When I built the original prototype of Light Table I didn't have any grand purpose or goal in mind. I simply had some ideas on how programming could be better and I wanted to see how hard they would be to build. Until fairly recently, it never dawned on me that I've actually spent the past decade trying out ideas on how programming could be better, from web frameworks, to Visual Studio, to Light Table and its future. And it wasn't until I had that realization that I also came to the conclusion that I'd been going about this all wrong. As a matter of fact, I made a classic rookie mistake: I set out to answer a question I didn't understand.

How do we make programming better?

I kept asking myself "How can we make programming better?", but I never took a step back and concretely figured out what's wrong with programming. I've always been very reactionary to either my own work or the observations I had of others, and it turns out that has continually led me to local maxima. With Light Table for example, I thought shortening the feedback loop would make a tremendous difference, and while it does make a big impact, it's overshadowed by the fact that it's the same old broken version of programming.
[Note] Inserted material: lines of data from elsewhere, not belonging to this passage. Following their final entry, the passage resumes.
lemma prob_Pi_pmf_sum_ge_sqrt_ln_le:
  fixes g :: "'i \<Rightarrow> 'a \<Rightarrow> real" and N \<Delta> s D :: real
  assumes I: "finite I"
    and range: "\<And>i x. i \<in> I \<Longrightarrow> x \<in> set_pmf (p i) \<Longrightarrow> g i x \<in> {0..c i}"
    and mean: "(\<Sum>i\<in>I. measure_pmf.expectation (p i) (g i)) \<le> D"
    and "D > 0" and "s > 0" and "N \<ge> 1"
    and var: "(\<Sum>i\<in>I. (c i)\<^sup>2) \<le> \<Delta> * s\<^sup>2"
  shows "measure_pmf.prob (Pi_pmf I dflt p) {\<omega>. D + s * sqrt (2 * \<Delta> * ln N) \<le> (\<Sum>i\<in>I. g i (\<omega> i))}
           \<le> 1 / N ^ 4"
proof -
  have "0 \<le> \<Delta> * s\<^sup>2"
    using var sum_nonneg[of I "\<lambda>i. (c i)\<^sup>2"] by simp
  with \<open>s > 0\<close> consider "\<Delta> = 0" | "\<Delta> > 0"
    by (fastforce simp: zero_le_mult_iff)
  then show ?thesis
  proof cases
    case 1
    have "measure_pmf.prob (Pi_pmf I dflt p)
            {\<omega>. D + s * sqrt (2 * \<Delta> * ln N) \<le> (\<Sum>i\<in>I. g i (\<omega> i))} = 0"
      by (rule prob_Pi_pmf_sum_ge_eq_0[where c = c]) (use I range var 1 \<open>D > 0\<close> in auto)
    then show ?thesis
      by simp
  next
    case 2
    let ?t = "s * sqrt (2 * \<Delta> * ln N)"
    have "?t \<ge> 0"
      using 2 \<open>s > 0\<close> \<open>N \<ge> 1\<close> by simp
    with \<open>D > 0\<close> have "D + ?t > 0"
      by linarith
    have "measure_pmf.prob (Pi_pmf I dflt p) {\<omega>. D + ?t \<le> (\<Sum>i\<in>I. g i (\<omega> i))}
          \<le> exp (-2 * ?t\<^sup>2 / (\<Delta> * s\<^sup>2))"
      using 2 assms \<open>?t \<ge> 0\<close> \<open>D + ?t > 0\<close> by (intro Hoeffding_Pi_pmf_sum_ge) auto
    also have "-2 * ?t\<^sup>2 / (\<Delta> * s\<^sup>2) = - ln (N ^ 4)"
      using 2 assms by (simp add: power_mult_distrib ln_realpow)
    also have "exp (- ln (N ^ 4)) = 1 / N ^ 4"
      using \<open>N \<ge> 1\<close> by (simp add: exp_minus inverse_eq_divide)
    finally show ?thesis .
  qed
qed

definition selected_alloc_node ::
  "'i set \<Rightarrow> ('i \<Rightarrow> 't) \<Rightarrow> ('i \<Rightarrow> real) \<Rightarrow> ('k \<Rightarrow> ('i,'v) vmapping) \<Rightarrow> 't \<Rightarrow> 'v
     \<Rightarrow> 'k option \<Rightarrow> real" where
  "selected_alloc_node Vr tr d m \<tau> u x =
     (case x of None \<Rightarrow> 0 | Some k \<Rightarrow> alloc_node Vr tr d (m k) \<tau> u)"

context
  fixes Vr :: "'i set" and d :: "'i \<Rightarrow> real"
  assumes finite_Vr: "finite Vr" and d_nonneg: "\<And>i. i \<in> Vr \<Longrightarrow> d i \<ge> 0"
begin

lemma alloc_node_nonneg: "alloc_node Vr tr d m \<tau> u \<ge> 0"
  unfolding alloc_node_def using d_nonneg by (intro sum_nonneg) auto

lemma dmax_nonneg: "dmax Vr Vallow d u \<ge> 0"
proof (cases "{i\<in>Vr. u \<in> Vallow i} = {}")
  case False
  then obtain i where "i \<in> Vr" "u \<in> Vallow i"
    by auto
  then have "d i \<le> Max (d ` {i\<in>Vr. u \<in> Vallow i})"
    using finite_Vr by (intro Max_ge) auto
  with d_nonneg[OF \<open>i \<in> Vr\<close>] False show ?thesis
    by (simp add: dmax_def)
qed (simp add: dmax_def)

lemma alloc_node_le_card_mult_dmax:
  assumes "valid_mapping Vr Er Vallow Eallow m"
  shows "alloc_node Vr tr d m \<tau> u \<le> card Vr * dmax Vr Vallow d u"
proof -
  let ?S = "{i\<in>Vr. tr i = \<tau> \<and> fst m i = u}"
  have "d i \<le> dmax Vr Vallow d u" if "i \<in> ?S" for i
  proof -
    have "i \<in> Vr" "u \<in> Vallow i"
      using that assms by (auto simp: valid_mapping_def)
    then show ?thesis
      using finite_Vr by (auto simp: dmax_def intro!: Max_ge)
  qed
  then have "alloc_node Vr tr d m \<tau> u \<le> card ?S * dmax Vr Vallow d u"
    unfolding alloc_node_def by (intro sum_bounded_above) auto
  also have "\<dots> \<le> card Vr * dmax Vr Vallow d u"
    using finite_Vr dmax_nonneg by (intro mult_right_mono) (auto intro: card_mono)
  finally show ?thesis .
qed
People still struggled. I still struggled. It didn't deliver us from the incredible frustration that is writing and debugging software. So if it's not just the feedback loop, what is it then? What's wrong with programming?

To answer that I needed more data, not just from my time behind one way mirrors or my own experiences, but from the "real world". So I started asking everyone who would talk to me two questions: "What is programming and what's wrong with it?" I talked to people who had never programmed a day in their life, people in the middle of their careers, and even some of the best engineers in the industry. And what I found surprised me.

What is programming?

The answers I got to this were truly disheartening. Not once did I hear that programming is “solving problems." Instead, I found out that it's just clumping things together with half-dried glue and praying that it holds water long enough to replace it with a new clump of things. I heard over and over again that we're plumbers and glue factories, that programming is largely about working around its own deficiencies. This is particularly sad to me, because it turned out to be the only real commonality among the answers: we plumb things together to get something that kind of works. And the "kind of works" part is the source of an unbelievable amount of frustration.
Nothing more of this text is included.